Мы вынырнули из-за гаражей под отрешенный зеленоватый свет фонаря и расстались, не доходя до двора — наверно, на всякий случай.
 
Было темно, и вовсю уже падали листья. Окон в домах словно прибавилось, и стали они крупней, словно бы в меру электрических сил повторяя звездное небо августа. У меня во рту оставался вкус Ода, будто от густого рисового отвара, чуть присоленного. Я вошел в подъезд и, минуя лифт, стал подниматься по лестнице, чтобы продлить таинство одиночества. И в каждом окне, на каждой площадке мне открывался черно-огненный теплый мир двора — ласковый и какой-то заманчиво предполетный. Полуосвобожденный от листвы теплый простор осени проник в подъезд, заполнив его обещанием вечного равновесия.
 
Есть в осени первоначальной такое вот обещание нам всем, как бы и напоследок, заметил Басё.
 
Через примерно год Ода оказался «на нарах». А вернулся он совсем другим уже человеком, да и у меня жизнь вертелась иная, так что мне страшно было в его сторону посмотреть. И как-то перестал я его замечать и видеть — и он меня.
 
Потом, очень скоро, Ода посадили опять.

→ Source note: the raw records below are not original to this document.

lemma minus_inverse_FC:
  assumes "Im z \<noteq> 0"
  shows "- 1 / FC z = (\<Sum>l\<in>roots. of_real (root_weight l) / (of_real l - z))"
proof -
  have not_real: "z - of_real x \<noteq> 0" for x
    using assms by auto
  define L where "L = (\<Prod>l\<in>roots. z - of_real l)"
  have "poly Q_poly z \<noteq> 0" "L \<noteq> 0"
    using finite_K finite_roots not_real by (auto simp: poly_Q_poly L_def)
  moreover have "FC z * poly Q_poly z = L"
    using FC_mult_Q[of z] not_real by (auto simp: L_def)
  ultimately have "- 1 / FC z = - poly lagrange_poly z / L"
    by (auto simp: Q_poly_eq_lagrange_poly field_simps)
  also have "\<dots> = (\<Sum>l\<in>roots. - (of_real (root_weight l) * (\<Prod>l'\<in>roots-{l}. z - of_real l') / L))"
    by (simp add: lagrange_poly_def poly_sum poly_prod sum_divide_distrib sum_negf)
  also have "\<dots> = (\<Sum>l\<in>roots. of_real (root_weight l) / (of_real l - z))"
  proof (intro sum.cong refl)
    fix l assume "l \<in> roots"
    then have L_eq: "L = (z - of_real l) * (\<Prod>l'\<in>roots-{l}. z - of_real l')"
      using finite_roots by (simp add: L_def prod.remove)
    have "(\<Prod>l'\<in>roots-{l}. z - of_real l') \<noteq> 0"
      using finite_roots not_real by auto
    then show "- (of_real (root_weight l) * (\<Prod>l'\<in>roots-{l}. z - of_real l') / L) =
        of_real (root_weight l) / (of_real l - z)"
      unfolding L_eq using not_real[of l] by (simp add: field_simps)
  qed
  finally show ?thesis .
qed

end

lemma minus_inverse_rational_pick_partial_fractions:
  fixes K :: "'i set" and t w :: "'i \<Rightarrow> real" and a M :: real
  assumes "finite K" "inj_on t K" "\<And>k. k \<in> K \<Longrightarrow> 0 < w k" "\<And>k. k \<in> K \<Longrightarrow> \<bar>t k\<bar> \<le> M"
    "0 \<le> M"
  obtains L :: "real set" and c :: "real \<Rightarrow> real"
  where "finite L" "\<And>l. l \<in> L \<Longrightarrow> 0 < c l" "(\<Sum>l\<in>L. c l) = 1"
    "\<And>l. l \<in> L \<Longrightarrow> \<bar>l\<bar> \<le> M + 2 + \<bar>a\<bar> + (\<Sum>k\<in>K. w k)"
    "\<And>z. Im z \<noteq> 0 \<Longrightarrow> (\<Sum>l\<in>L. of_real (c l) / (of_real l - z)) =
        - 1 / (z - of_real a - (\<Sum>k\<in>K. of_real (w k) / (z - of_real (t k))))"
proof -
  interpret rational_pick K t w a M
    using assms by unfold_locales
  show ?thesis
    using that[OF finite_roots root_weight_pos sum_root_weight] roots_bound minus_inverse_FC
    unfolding hi_def bnd_def FC_def by force
qed

section \<open>Probability measures with a prescribed Stieltjes transform\<close>

lemma norm_inverse_real_minus_le:
  assumes "Im z \<noteq> 0"
  shows "norm (1 / (complex_of_real x - z)) \<le> 1 / \<bar>Im z\<bar>"
proof -
  have "\<bar>Im z\<bar> \<le> cmod (complex_of_real x - z)"
    using abs_Im_le_cmod[of "complex_of_real x - z"] by simp
  then show ?thesis
    using assms by (simp add: norm_divide frac_le)
qed

lemma isCont_inverse_real_minus:
  assumes "Im z \<noteq> 0"
  shows "isCont (\<lambda>x. 1 / (complex_of_real x - z)) x"
  using assms by (intro continuous_intros) (auto simp: complex_eq_iff)

lemma weak_conv_stieltjes:
  fixes \<mu> :: "nat \<Rightarrow> real measure"
  assumes "\<And>n. real_distribution (\<mu> n)" "real_distribution \<nu>" "weak_conv_m \<mu> \<nu>" "Im z \<noteq> 0"
  shows "(\<lambda>n. stieltjes (\<mu> n) z) \<longlonglongrightarrow> stieltjes \<nu> z"
  unfolding stieltjes_def
  using assms(1-3) isCont_inverse_real_minus[OF assms(4)] norm_inverse_real_minus_le[OF assms(4)]
  by (rule weak_conv_imp_integral_bdd_continuous_conv)

text \<open>Helly's selection theorem, for distributions supported in a fixed interval.\<close>

lemma bounded_support_weak_limit:
  fixes \<mu> :: "nat \<Rightarrow> real measure"
  assumes dist: "\<And>n. real_distribution (\<mu> n)"
    and supp: "\<And>n. AE x in \<mu> n. \<bar>x\<bar> \<le> R" and "0 \<le> R"
  obtains r \<nu> where "strict_mono r" "real_distribution \<nu>" "weak_conv_m (\<mu> \<circ> r) \<nu>"
    "AE x in \<nu>. \<bar>x\<bar> \<le> R"
proof -
  have "measure (\<mu> n) {- R - 1<..R + 1} = 1" for n
  proof -
    interpret real_distribution "\<mu> n" by (rule dist)
    have "AE x in \<mu> n. x \<in> {- R - 1<..R + 1}"
      using supp[of n] by eventually_elim auto
    then show ?thesis
      by (simp add: prob_eq_1)
  qed
  then have "tight \<mu>"
    unfolding tight_def using dist \<open>0 \<le> R\<close>
    by (intro conjI allI impI exI[of _ "- R - 1"] exI[of _ "R + 1"]) auto
  then obtain r \<nu> where r: "strict_mono r" and \<nu>: "real_distribution \<nu>"
    and conv: "weak_conv_m (\<mu> \<circ> r) \<nu>"
    using tight_imp_convergent_subsubsequence[of \<mu> id] strict_mono_id by auto
  interpret \<nu>: real_distribution \<nu> by (rule \<nu>)
  define \<phi> where "\<phi> x = min 1 (max 0 (\<bar>x\<bar> - R))" for x
  have \<phi>_bound: "norm (\<phi> x) \<le> 1" for x
    by (auto simp: \<phi>_def)
  have [measurable]: "\<phi> \<in> borel_measurable borel"
    unfolding \<phi>_def by measurable
  have "isCont \<phi> x" for x
    unfolding \<phi>_def by (intro continuous_intros)
  then have "(\<lambda>n. integral\<^sup>L ((\<mu> \<circ> r) n) \<phi>) \<longlonglongrightarrow> integral\<^sup>L \<nu> \<phi>"
    using weak_conv_imp_integral_bdd_continuous_conv[of "\<mu> \<circ> r" \<nu> \<phi> 1] dist \<nu> conv \<phi>_bound
    by simp
  moreover have "integral\<^sup>L (\<mu> n) \<phi> = 0" for n
    using supp[of n] by (subst integral_eq_zero_AE) (auto simp: \<phi>_def elim!: eventually_mono)
  ultimately have "integral\<^sup>L \<nu> \<phi> = 0"
    by (simp add: o_def LIMSEQ_const_iff)
  moreover have "integrable \<nu> \<phi>"
    using \<phi>_bound by (intro \<nu>.integrable_const_bound[where B=1]) auto
  ultimately have "AE x in \<nu>. \<phi> x = 0"
    by (subst (asm) integral_nonneg_eq_0_iff_AE) (auto simp: \<phi>_def)
  then have "AE x in \<nu>. \<bar>x\<bar> \<le> R"
    by eventually_elim (auto simp: \<phi>_def split: if_splits)
  with r \<nu> conv show ?thesis
    using that by blast
qed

А после его возвращения, недели, говорили мне, не прошло, явились ронины, целых пять штук, вывели его под белые руки на газон за штакетник, и Ода косо взрезал себя, потому что мечом владел все-таки неважнецки из-за вечно удивленного зрения. Вокруг собрались жадные зрители, жители окрестных домов, и, как положено, придирчивый участковый, но я не пошел смотреть: все-таки с Ода у нас было немножечко общее прошлое.
 
Хотя смерть — мы все, самураи и дети их, росли под вечным ее серпом, так что и на шлемах часто носили серп — многие думали: это был лик луны. Нет, дорогие мои, то всегда имелось в виду орудие смерти. Поэтому острота впечатлений была для нас позарез просто необходима.
 
Для меня она оказалась где-то и неизбежной.
 
*
— Ёсихиро, какой же ты пидорас! — повторно это я услыхал много позже, уже совершенно взрослым, уже произошла революция Мэйдзи (или происходила на наших глазах: бегали по улицам ронины, где-то стреляли, вечно пьяный микадо по радио призывал нас всех не сдавать позиции самураям, «поднявшим голову против прогресса и демократии». Но мы все были ведь самураи, так что сдать могли только самого микадо, но чувство чести не дало нам этого сделать тогда — а как бы хотелось теперь взрезать это пьяное брюхо, о, как!..)
 
И тогда, как рифма, как эхо, как нечеловечески долгий вздох от духа Ода стояла долгая теплая осень, последние солнечные деньки, словно обещанье блаженства вечного всем и каждому в этом мире.
 
Про «Ёсихиро, ты пидорас» сказал мне один ронин, некрупный, но жилистый, с нервным и испитым лицом. В ту осень он явился в наш двор и поселился в подъезде, и пахло от него исключительно, только лишь человеком и дальней дорогой, и близким концом.
 
Мы оставляли ему покушать, хотя были и самураи, раздраженно предрекавшие скорое явление участкового и вышибание, если не убивание, этого ронина из дома, «как минимум». Все же тогда нам бывало еще жалко людей, порой…
 
Ронин сидел в углу на площадке между вторым и третьим, моим, этажом, так что вскоре усвоил, как всех зовут.
 
На нем были черные (когда-то) одежды без всяких гербов, и только длинный меч между его колен указывал на то, что это был не просто бродяга.
 
Странно волновала меня эта судьба, как возможное и о своей судьбе прозренье. Я подавал щедро еду в одноразовой плошке, плошку оставляя ему. Мы все уже порядком боялись туберкулеза.
 
Он всегда провожал меня взглядом, и этот взгляд я чувствовал явственно, будто это были пальцы когтистые.
 
Он понял, что со мной можно заговорить. Однажды он преградил мне путь своим мечом в темных исцарапанных ножнах. Ронин положил меч между своих ног, разделив всю площадку надвое. Я был в сегменте, куда падал свет из окна, прозрачный и тающий свет перед сумерками.
 
— Знаешь, из чего эти ножны? — спросил он меня. Звуки давались ему с трудом, они булькали и сипели, и нужно было напрячься, чтобы их угадать хотя бы. Я молча стоял над ним.
 
Ронин поглядел на меня из-под седоватой перхотной шапки волос, усмехнувшись, словно понял чью-то стыдную тайну.
 
— Из шкуры акулы, которая слопала человека, — закончил он. И вдруг добавил:
 
— Ёсихиро, ты пидорас.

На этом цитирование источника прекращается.